- [Work to complete] Output the entries verbatim, including every line.

- [Data shown]
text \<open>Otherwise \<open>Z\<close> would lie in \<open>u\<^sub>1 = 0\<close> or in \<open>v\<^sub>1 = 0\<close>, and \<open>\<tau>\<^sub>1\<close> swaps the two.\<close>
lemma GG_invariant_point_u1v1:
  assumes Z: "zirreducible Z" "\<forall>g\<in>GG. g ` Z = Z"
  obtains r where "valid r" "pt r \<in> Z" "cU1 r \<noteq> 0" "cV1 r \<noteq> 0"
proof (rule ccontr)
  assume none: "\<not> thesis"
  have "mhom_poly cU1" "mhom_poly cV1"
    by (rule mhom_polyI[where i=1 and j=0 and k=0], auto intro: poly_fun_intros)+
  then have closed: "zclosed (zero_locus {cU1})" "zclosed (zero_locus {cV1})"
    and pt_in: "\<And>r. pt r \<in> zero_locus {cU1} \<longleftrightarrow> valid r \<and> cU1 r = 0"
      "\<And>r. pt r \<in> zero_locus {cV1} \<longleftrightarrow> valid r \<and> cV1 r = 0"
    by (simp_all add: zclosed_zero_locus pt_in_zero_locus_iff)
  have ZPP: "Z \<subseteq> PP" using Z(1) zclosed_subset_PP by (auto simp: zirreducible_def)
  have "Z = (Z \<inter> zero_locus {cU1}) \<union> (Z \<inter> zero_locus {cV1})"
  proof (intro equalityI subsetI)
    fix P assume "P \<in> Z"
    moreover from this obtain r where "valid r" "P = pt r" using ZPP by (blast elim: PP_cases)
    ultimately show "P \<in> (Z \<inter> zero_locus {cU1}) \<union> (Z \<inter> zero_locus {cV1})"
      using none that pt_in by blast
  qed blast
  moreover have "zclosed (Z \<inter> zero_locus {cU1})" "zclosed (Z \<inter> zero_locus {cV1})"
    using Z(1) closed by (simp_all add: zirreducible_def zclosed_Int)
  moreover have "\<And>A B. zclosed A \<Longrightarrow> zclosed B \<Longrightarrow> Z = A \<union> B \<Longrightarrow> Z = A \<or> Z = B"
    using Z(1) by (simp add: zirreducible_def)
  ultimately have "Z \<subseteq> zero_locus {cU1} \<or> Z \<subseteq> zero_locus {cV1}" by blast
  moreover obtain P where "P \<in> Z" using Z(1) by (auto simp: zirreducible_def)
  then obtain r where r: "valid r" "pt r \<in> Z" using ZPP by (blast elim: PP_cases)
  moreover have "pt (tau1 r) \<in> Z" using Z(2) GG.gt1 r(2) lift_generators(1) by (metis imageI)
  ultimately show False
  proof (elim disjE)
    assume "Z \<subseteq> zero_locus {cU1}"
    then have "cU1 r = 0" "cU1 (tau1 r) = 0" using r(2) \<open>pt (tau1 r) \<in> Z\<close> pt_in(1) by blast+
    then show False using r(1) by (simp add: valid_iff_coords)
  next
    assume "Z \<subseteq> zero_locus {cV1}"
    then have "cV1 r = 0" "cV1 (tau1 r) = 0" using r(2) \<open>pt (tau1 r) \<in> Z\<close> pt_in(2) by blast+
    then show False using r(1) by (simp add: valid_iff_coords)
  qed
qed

- [Written response]
text \<open>Otherwise \<open>Z\<close> would lie in \<open>u\<^sub>1 = 0\<close> or in \<open>v\<^sub>1 = 0\<close>, and \<open>\<tau>\<^sub>1\<close> swaps the two.\<close>
lemma GG_invariant_point_u1v1:
  assumes Z: "zirreducible Z" "\<forall>g\<in>GG. g ` Z = Z"
  obtains r where "valid r" "pt r \<in> Z" "cU1 r \<noteq> 0" "cV1 r \<noteq> 0"
proof (rule ccontr)
  assume none: "\<not> thesis"
  have "mhom_poly cU1" "mhom_poly cV1"
    by (rule mhom_polyI[where i=1 and j=0 and k=0], auto intro: poly_fun_intros)+
  then have closed: "zclosed (zero_locus {cU1})" "zclosed (zero_locus {cV1})"
    and pt_in: "\<And>r. pt r \<in> zero_locus {cU1} \<longleftrightarrow> valid r \<and> cU1 r = 0"
      "\<And>r. pt r \<in> zero_locus {cV1} \<longleftrightarrow> valid r \<and> cV1 r = 0"
    by (simp_all add: zclosed_zero_locus pt_in_zero_locus_iff)
  have ZPP: "Z \<subseteq> PP" using Z(1) zclosed_subset_PP by (auto simp: zirreducible_def)
  have "Z = (Z \<inter> zero_locus {cU1}) \<union> (Z \<inter> zero_locus {cV1})"
  proof (intro equalityI subsetI)
    fix P assume "P \<in> Z"
    moreover from this obtain r where "valid r" "P = pt r" using ZPP by (blast elim: PP_cases)
    ultimately show "P \<in> (Z \<inter> zero_locus {cU1}) \<union> (Z \<inter> zero_locus {cV1})"
      using none that pt_in by blast
  qed blast
  moreover have "zclosed (Z \<inter> zero_locus {cU1})" "zclosed (Z \<inter> zero_locus {cV1})"
    using Z(1) closed by (simp_all add: zirreducible_def zclosed_Int)
  moreover have "\<And>A B. zclosed A \<Longrightarrow> zclosed B \<Longrightarrow> Z = A \<union> B \<Longrightarrow> Z = A \<or> Z = B"
    using Z(1) by (simp add: zirreducible_def)
  ultimately have "Z \<subseteq> zero_locus {cU1} \<or> Z \<subseteq> zero_locus {cV1}" by blast
  moreover obtain P where "P \<in> Z" using Z(1) by (auto simp: zirreducible_def)
  then obtain r where r: "valid r" "pt r \<in> Z" using ZPP by (blast elim: PP_cases)
  moreover have "pt (tau1 r) \<in> Z" using Z(2) GG.gt1 r(2) lift_generators(1) by (metis imageI)
  ultimately show False
  proof (elim disjE)
    assume "Z \<subseteq> zero_locus {cU1}"
    then have "cU1 r = 0" "cU1 (tau1 r) = 0" using r(2) \<open>pt (tau1 r) \<in> Z\<close> pt_in(1) by blast+
    then show False using r(1) by (simp add: valid_iff_coords)
  next
    assume "Z \<subseteq> zero_locus {cV1}"
    then have "cV1 r = 0" "cV1 (tau1 r) = 0" using r(2) \<open>pt (tau1 r) \<in> Z\<close> pt_in(2) by blast+
    then show False using r(1) by (simp add: valid_iff_coords)
  qed
qed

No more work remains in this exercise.